# Win7, MCE Guide Update Error



## SayWhat? (Jun 7, 2009)

Follow Setup, Guide updates properly initially, but then won't update as scheduled.

Did a web search and got a ton of hits of people having the same problem, but no conclusive fixes. Redo Setup, etc. Some even say they reinstalled Win7.

I've done the setup several time over the last few months and get the same result, updates once, then not again.

Event Viewer shows the same error:

4:19:24 PM - Failed to retrieve EpgListings (Error: HeadendId 1898##### is invalid.) 

ID Edited for this thread. It doesn't matter which Zip I use for setup or what the HeadendID is. 

Ideas?


----------



## Drew2k (Aug 16, 2006)

I just checked my HTPC and have guide date through 10:30 PM Sunday 11/27, so I'm not seeing any problems.

I haven't run TV setup on this PC in months, though, so I don't know if that has any bearing.

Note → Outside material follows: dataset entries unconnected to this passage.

lemma card_2_obtain_other:
  assumes "card e = 2" "x \<in> e"
  obtains y where "y \<noteq> x" "e = {x, y}"
proof -
  from assms(1) obtain a b where "e = {a, b}" "a \<noteq> b" by (auto simp: card_2_iff)
  with assms(2) that show ?thesis by (metis empty_iff insert_commute insert_iff)
qed

lemma acyclic_has_vertex_inner_degree_le_1:
  assumes two: "\<forall>e\<in>E. card e = 2" and "finite A" "A \<noteq> {}" "\<not> has_cycle_in E A"
  shows "\<exists>x\<in>A. card {e\<in>E. x \<in> e \<and> e \<subseteq> A} \<le> 1"
proof (rule ccontr)
  assume low: "\<not> ?thesis"
  have "\<exists>y1 y2. y1 \<noteq> y2 \<and> y1 \<in> A \<and> y2 \<in> A \<and> adj E x y1 \<and> adj E x y2" if x: "x \<in> A" for x
  proof -
    define D where "D = {e\<in>E. x \<in> e \<and> e \<subseteq> A}"
    have "finite D" by (rule finite_subset[of _ "Pow A"]) (use assms(2) in \<open>auto simp: D_def\<close>)
    moreover have "\<not> card D \<le> Suc 0" using x low by (auto simp: D_def)
    ultimately obtain e1 e2 where e: "e1 \<in> D" "e2 \<in> D" "e1 \<noteq> e2"
      by (auto simp: card_le_Suc0_iff_eq)
    obtain y1 where "y1 \<noteq> x" "e1 = {x, y1}"
      by (rule card_2_obtain_other[of e1 x]) (use e(1) two in \<open>auto simp: D_def\<close>)
    moreover obtain y2 where "y2 \<noteq> x" "e2 = {x, y2}"
      by (rule card_2_obtain_other[of e2 x]) (use e(2) two in \<open>auto simp: D_def\<close>)
    ultimately show ?thesis using e by (auto simp: D_def adj_def)
  qed
  then show False using has_cycle_in_if_two_neighbours[OF assms(2,3)] assms(4) by blast
qed
lemma section_diff_factors_through_inc:
  assumes ext: "nonabelian_extension L H E inc proj"
    and s\<^sub>1: "is_section L E proj s\<^sub>1" and s\<^sub>2: "is_section L E proj s\<^sub>2"
  obtains \<tau> where "clin \<tau>" "\<And>p. s\<^sub>1 p = s\<^sub>2 p + inc (\<tau> p)"
proof -
  have "clin inc" "inj inc" and ker: "range inc = {x. proj x = 0}" and "clin proj"
    using ext unfolding nonabelian_extension_def by (auto intro: nlca_morphism_clin)
  have "proj (s\<^sub>1 p - s\<^sub>2 p) = 0" for p
    using s\<^sub>1 s\<^sub>2 \<open>clin proj\<close> unfolding is_section_def by (simp add: linear_diff clin_imp_linear)
  then have diff: "inc (inv inc (s\<^sub>1 p - s\<^sub>2 p)) = s\<^sub>1 p - s\<^sub>2 p" for p
    using ker by (intro f_inv_into_f) auto
  have "clin (\<lambda>p. s\<^sub>1 p - s\<^sub>2 p)"
    using s\<^sub>1 s\<^sub>2 by (intro clin_diff is_section_clin)
  then have "clin (\<lambda>p. inv inc (s\<^sub>1 p - s\<^sub>2 p))"
    using \<open>clin inc\<close> \<open>inj inc\<close> diff by (rule clin_factor_through_inj[rotated 3])
  with diff show thesis
    by (intro that[of "\<lambda>p. inv inc (s\<^sub>1 p - s\<^sub>2 p)"]) (simp_all add: algebra_simps)
qed

lemma induced_rho_section_shift:
  assumes E: "lie_conformal E" and inc: "nlca_morphism H inc E" "inj inc"
    and induced\<^sub>1: "induced_by_section L E inc s\<^sub>1 \<chi>\<^sub>1 \<rho>\<^sub>1 \<Phi>\<^sub>1"
    and induced\<^sub>2: "induced_by_section L E inc s\<^sub>2 \<chi>\<^sub>2 \<rho>\<^sub>2 \<Phi>\<^sub>2"
    and shift: "\<And>p. s\<^sub>1 p = s\<^sub>2 p + inc (\<tau> p)"
  shows "\<rho>\<^sub>1 p h - \<rho>\<^sub>2 p h = brk H (\<tau> p) h"
proof -
  have lin_inc: "linear inc" using inc by (intro clin_imp_linear nlca_morphism_clin)
  have inc_brk: "brk E (inc a) (inc b) = map_poly inc (brk H a b)" for a b
    using inc unfolding nlca_morphism_def by blast
  have "map_poly inc (\<rho>\<^sub>1 p h) = brk E (s\<^sub>2 p + inc (\<tau> p)) (inc h)"
    using induced\<^sub>1 shift unfolding induced_by_section_def by simp
  also have "\<dots> = map_poly inc (\<rho>\<^sub>2 p h + brk H (\<tau> p) h)"
    using induced\<^sub>2 unfolding induced_by_section_def
    by (simp add: lie_conformal_brk_add_left[OF E] inc_brk map_poly_add_linear[OF lin_inc])
  finally have "\<rho>\<^sub>1 p h = \<rho>\<^sub>2 p h + brk H (\<tau> p) h"
    by (rule map_poly_inj_linear[OF lin_inc \<open>inj inc\<close>])
  then show ?thesis by simp
qed

lemma induced_chi_section_shift:
  assumes E: "lie_conformal E" and inc: "nlca_morphism H inc E" "inj inc"
    and induced\<^sub>1: "induced_by_section L E inc s\<^sub>1 \<chi>\<^sub>1 \<rho>\<^sub>1 \<Phi>\<^sub>1"
    and induced\<^sub>2: "induced_by_section L E inc s\<^sub>2 \<chi>\<^sub>2 \<rho>\<^sub>2 \<Phi>\<^sub>2"
    and shift: "\<And>p. s\<^sub>1 p = s\<^sub>2 p + inc (\<tau> p)" and "clin s\<^sub>2" "clin \<tau>"
  shows "\<chi>\<^sub>1 p q - \<chi>\<^sub>2 p q = brk H (\<tau> p) (\<tau> q) - map_poly \<tau> (brk L p q)
           + \<rho>\<^sub>2 p (\<tau> q) - subst_neg (der H) (\<rho>\<^sub>2 q (\<tau> p))"
proof -
  have lin_inc: "linear inc" using inc by (intro clin_imp_linear nlca_morphism_clin)
  have lin_s\<^sub>2: "linear s\<^sub>2" and lin_\<tau>: "linear \<tau>"
    using \<open>clin s\<^sub>2\<close> \<open>clin \<tau>\<close> by (simp_all add: clin_imp_linear)
  have inc_brk: "brk E (inc a) (inc b) = map_poly inc (brk H a b)" for a b
    using inc unfolding nlca_morphism_def by blast
  have inc_der: "inc (der H a) = der E (inc a)" for a
    using inc unfolding nlca_morphism_def cd_linear_def by blast
  have \<rho>\<^sub>2: "brk E (s\<^sub>2 p) (inc h) = map_poly inc (\<rho>\<^sub>2 p h)" for p h
    using induced\<^sub>2 unfolding induced_by_section_def by simp
  have \<chi>\<^sub>2: "brk E (s\<^sub>2 p) (s\<^sub>2 q) = map_poly inc (\<chi>\<^sub>2 p q) + map_poly s\<^sub>2 (brk L p q)" for p q
    using induced\<^sub>2 unfolding induced_by_section_def by (simp add: algebra_simps)
  have skew: "brk E (inc (\<tau> p)) (s\<^sub>2 q) = - map_poly inc (subst_neg (der H) (\<rho>\<^sub>2 q (\<tau> p)))"
    by (simp add: lie_conformal_brk_skew[OF E, of "inc (\<tau> p)"] \<rho>\<^sub>2
        map_poly_subst_neg[where D="der H" and D'="der E", OF lin_inc \<open>inj inc\<close> inc_der])
  have "s\<^sub>1 = (\<lambda>x. s\<^sub>2 x + (inc \<circ> \<tau>) x)" using shift by auto
  then have s\<^sub>1_map_poly: "map_poly s\<^sub>1 X = map_poly s\<^sub>2 X + map_poly inc (map_poly \<tau> X)" for X
    by (simp only: map_poly_fun_add_linear[OF lin_s\<^sub>2 linear_compose[OF lin_\<tau> lin_inc]])
      (simp add: map_poly_map_poly linear_0[OF lin_\<tau>] linear_0[OF lin_inc])
  have "map_poly inc (\<chi>\<^sub>1 p q)
      = brk E (s\<^sub>2 p + inc (\<tau> p)) (s\<^sub>2 q + inc (\<tau> q)) - map_poly s\<^sub>1 (brk L p q)"
    using induced\<^sub>1 shift unfolding induced_by_section_def by simp
  also have "\<dots> = map_poly inc (\<chi>\<^sub>2 p q + (brk H (\<tau> p) (\<tau> q) - map_poly \<tau> (brk L p q)
                 + \<rho>\<^sub>2 p (\<tau> q) - subst_neg (der H) (\<rho>\<^sub>2 q (\<tau> p))))"
    by (simp add: lie_conformal_brk_add_left[OF E] lie_conformal_brk_add_right[OF E]
        \<chi>\<^sub>2 \<rho>\<^sub>2 skew inc_brk s\<^sub>1_map_poly map_poly_add_linear[OF lin_inc]
        map_poly_diff_linear[OF lin_inc])
  finally have "\<chi>\<^sub>1 p q = \<chi>\<^sub>2 p q + (brk H (\<tau> p) (\<tau> q) - map_poly \<tau> (brk L p q)
                 + \<rho>\<^sub>2 p (\<tau> q) - subst_neg (der H) (\<rho>\<^sub>2 q (\<tau> p)))"
    by (rule map_poly_inj_linear[OF lin_inc \<open>inj inc\<close>])
  then show ?thesis by (simp add: algebra_simps)
qed

lemma induced_Phi_section_shift:
  assumes E: "nijenhuis E" and inc: "nlca_morphism H inc E" "inj inc"
    and induced\<^sub>1: "induced_by_section L E inc s\<^sub>1 \<chi>\<^sub>1 \<rho>\<^sub>1 \<Phi>\<^sub>1"
    and induced\<^sub>2: "induced_by_section L E inc s\<^sub>2 \<chi>\<^sub>2 \<rho>\<^sub>2 \<Phi>\<^sub>2"
    and shift: "\<And>p. s\<^sub>1 p = s\<^sub>2 p + inc (\<tau> p)"
  shows "\<Phi>\<^sub>1 p - \<Phi>\<^sub>2 p = nop H (\<tau> p) - \<tau> (nop L p)"
proof -
  have lin_inc: "linear inc" using inc by (intro clin_imp_linear nlca_morphism_clin)
  have lin_nop: "linear (nop E)" using E unfolding nijenhuis_def by (simp add: clin_imp_linear)
  have inc_nop: "inc (nop H a) = nop E (inc a)" for a
    using inc unfolding nlca_morphism_def by blast
  have "inc (\<Phi>\<^sub>1 p) = nop E (s\<^sub>2 p + inc (\<tau> p)) - (s\<^sub>2 (nop L p) + inc (\<tau> (nop L p)))"
    using induced\<^sub>1 shift unfolding induced_by_section_def by simp
  also have "\<dots> = inc (\<Phi>\<^sub>2 p + (nop H (\<tau> p) - \<tau> (nop L p)))"
    using induced\<^sub>2 unfolding induced_by_section_def
    by (simp add: linear_add[OF lin_nop] linear_add[OF lin_inc] linear_diff[OF lin_inc] inc_nop)
  finally show ?thesis using \<open>inj inc\<close> by (simp add: inj_eq algebra_simps)
qed

lemma induced_by_sections_equivalent_cocycles:
  assumes ext: "nonabelian_extension L H E inc proj"
    and "is_section L E proj s\<^sub>1" and s\<^sub>2: "is_section L E proj s\<^sub>2"
    and "induced_by_section L E inc s\<^sub>1 \<chi>\<^sub>1 \<rho>\<^sub>1 \<Phi>\<^sub>1"
    and "induced_by_section L E inc s\<^sub>2 \<chi>\<^sub>2 \<rho>\<^sub>2 \<Phi>\<^sub>2"
  shows "equivalent_cocycles L H \<chi>\<^sub>1 \<rho>\<^sub>1 \<Phi>\<^sub>1 \<chi>\<^sub>2 \<rho>\<^sub>2 \<Phi>\<^sub>2"
proof -
  obtain \<tau> where "clin \<tau>" and shift: "\<And>p. s\<^sub>1 p = s\<^sub>2 p + inc (\<tau> p)"
    using section_diff_factors_through_inc assms(1-3) by blast
  have E: "lie_conformal E" "nijenhuis E" and inc: "nlca_morphism H inc E" "inj inc"
    using ext unfolding nonabelian_extension_def nijenhuis_lca_def by auto
  show ?thesis
    unfolding equivalent_cocycles_def
    using \<open>clin \<tau>\<close> is_section_clin[OF s\<^sub>2]
      induced_rho_section_shift[OF E(1) inc assms(4,5) shift]
      induced_chi_section_shift[OF E(1) inc assms(4,5) shift]
      induced_Phi_section_shift[OF E(2) inc assms(4,5) shift]
    by blast
qed

theorem theorem5p7:
  fixes L :: "('l::cvec) nlca_str" and H :: "('h::cvec) nlca_str"
    and E :: "('e::cvec) nlca_str" and E' :: "('e'::cvec) nlca_str"
    and inc :: "'h \<Rightarrow> 'e" and proj :: "'e \<Rightarrow> 'l"
    and inc' :: "'h \<Rightarrow> 'e'" and proj' :: "'e' \<Rightarrow> 'l"
    and s :: "'l \<Rightarrow> 'e" and s' :: "'l \<Rightarrow> 'e'"
    and \<chi> :: "'l \<Rightarrow> 'l \<Rightarrow> 'h poly" and \<rho> :: "'l \<Rightarrow> 'h \<Rightarrow> 'h poly" and \<Phi> :: "'l \<Rightarrow> 'h"
    and \<chi>' :: "'l \<Rightarrow> 'l \<Rightarrow> 'h poly" and \<rho>' :: "'l \<Rightarrow> 'h \<Rightarrow> 'h poly" and \<Phi>' :: "'l \<Rightarrow> 'h"
  assumes "nijenhuis_lca L" and "nijenhuis_lca H"
    and "nonabelian_extension L H E inc proj"
    and "nonabelian_extension L H E' inc' proj'"
    and "equivalent_extensions H E inc proj E' inc' proj'"
    and "is_section L E proj s" and "is_section L E' proj' s'"
    and "induced_by_section L E inc s \<chi> \<rho> \<Phi>"
    and "induced_by_section L E' inc' s' \<chi>' \<rho>' \<Phi>'"
  shows "equivalent_cocycles L H \<chi> \<rho> \<Phi> \<chi>' \<rho>' \<Phi>'"
proof -
  obtain T where T: "nlca_morphism E T E'" and T_inc: "\<And>h. T (inc h) = inc' h"
    and T_proj: "\<And>x. proj' (T x) = proj x"
    using assms(5) unfolding equivalent_extensions_def by blast
  have "clin inc" using assms(3) unfolding nonabelian_extension_def by (blast intro: nlca_morphism_clin)
  have section_Ts: "is_section L E' proj' (T \<circ> s)"
    using is_section_comp[OF T T_proj assms(6)] .
  have "induced_by_section L E' inc' (T \<circ> s) \<chi> \<rho> \<Phi>"
    using induced_by_section_comp_morphism[OF T T_inc assms(8) \<open>clin inc\<close> is_section_clin[OF assms(6)]] .
  then show ?thesis
    using induced_by_sections_equivalent_cocycles[OF assms(4) section_Ts assms(7) _ assms(9)] by blast
qed
lemma mp_inner_mp_add_left_le_iff:
  "mp_inner (x \<oplus>\<^sub>v y) z \<le> c \<longleftrightarrow> mp_inner x z \<le> c \<and> mp_inner y z \<le> c"
  by (auto simp: mp_inner_le_iff mp_add_def)

lemma mp_inner_mat_col_mp_add_le_iff:
  "mp_inner x (mat_col A (y \<oplus>\<^sub>v z)) \<le> c \<longleftrightarrow>
    mp_inner x (mat_col A y) \<le> c \<and> mp_inner x (mat_col A z) \<le> c"
  by (auto simp: mp_inner_mat_col_le_iff mp_add_def)

lemma mp_inner_mp_bigadd_left_le_iff:
  "m \<ge> 1 \<Longrightarrow> mp_inner (mp_bigadd m F) z \<le> c \<longleftrightarrow> (\<forall>j\<in>{1..m}. mp_inner (F j) z \<le> c)"
  by (auto simp: mp_inner_le_iff mp_bigadd_def)

lemma mp_inner_mat_col_mp_bigadd_le_iff:
  "m \<ge> 1 \<Longrightarrow> mp_inner x (mat_col A (mp_bigadd m F)) \<le> c \<longleftrightarrow>
    (\<forall>j\<in>{1..m}. mp_inner x (mat_col A (F j)) \<le> c)"
  by (auto simp: mp_inner_mat_col_le_iff mp_bigadd_def)

(* In max-plus terms: I <= A and A A = A, i.e. A is its own Kleene star. *)
definition is_kleene_star :: "(nat \<Rightarrow> nat \<Rightarrow> real) \<Rightarrow> bool" where
  "is_kleene_star A \<longleftrightarrow> A 1 1 = 0 \<and> A 2 2 = 0 \<and> A 1 2 + A 2 1 \<le> 0"

lemma Bstar_is_kleene_star: "a \<le> b \<Longrightarrow> is_kleene_star (Bstar a b)"
  by (simp add: is_kleene_star_def Bstar_def)

lemma kleene_star_vle_mat_col: "is_kleene_star A \<Longrightarrow> vle x (mat_col A x)"
  by (simp add: is_kleene_star_def vle_def mat_col_def)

If it makes a difference, I'm only set up for ClearQAM channels off of cable, with only about 2 dozen channels at the most.


----------



## SayWhat? (Jun 7, 2009)

No ideas on why or how to fix?


----------



## Drew2k (Aug 16, 2006)

Have you tried The Green Button?

That forum is dedicated to MCE so you have find others having the issue or a fix...

http://www.thegreenbutton.tv/forums/


----------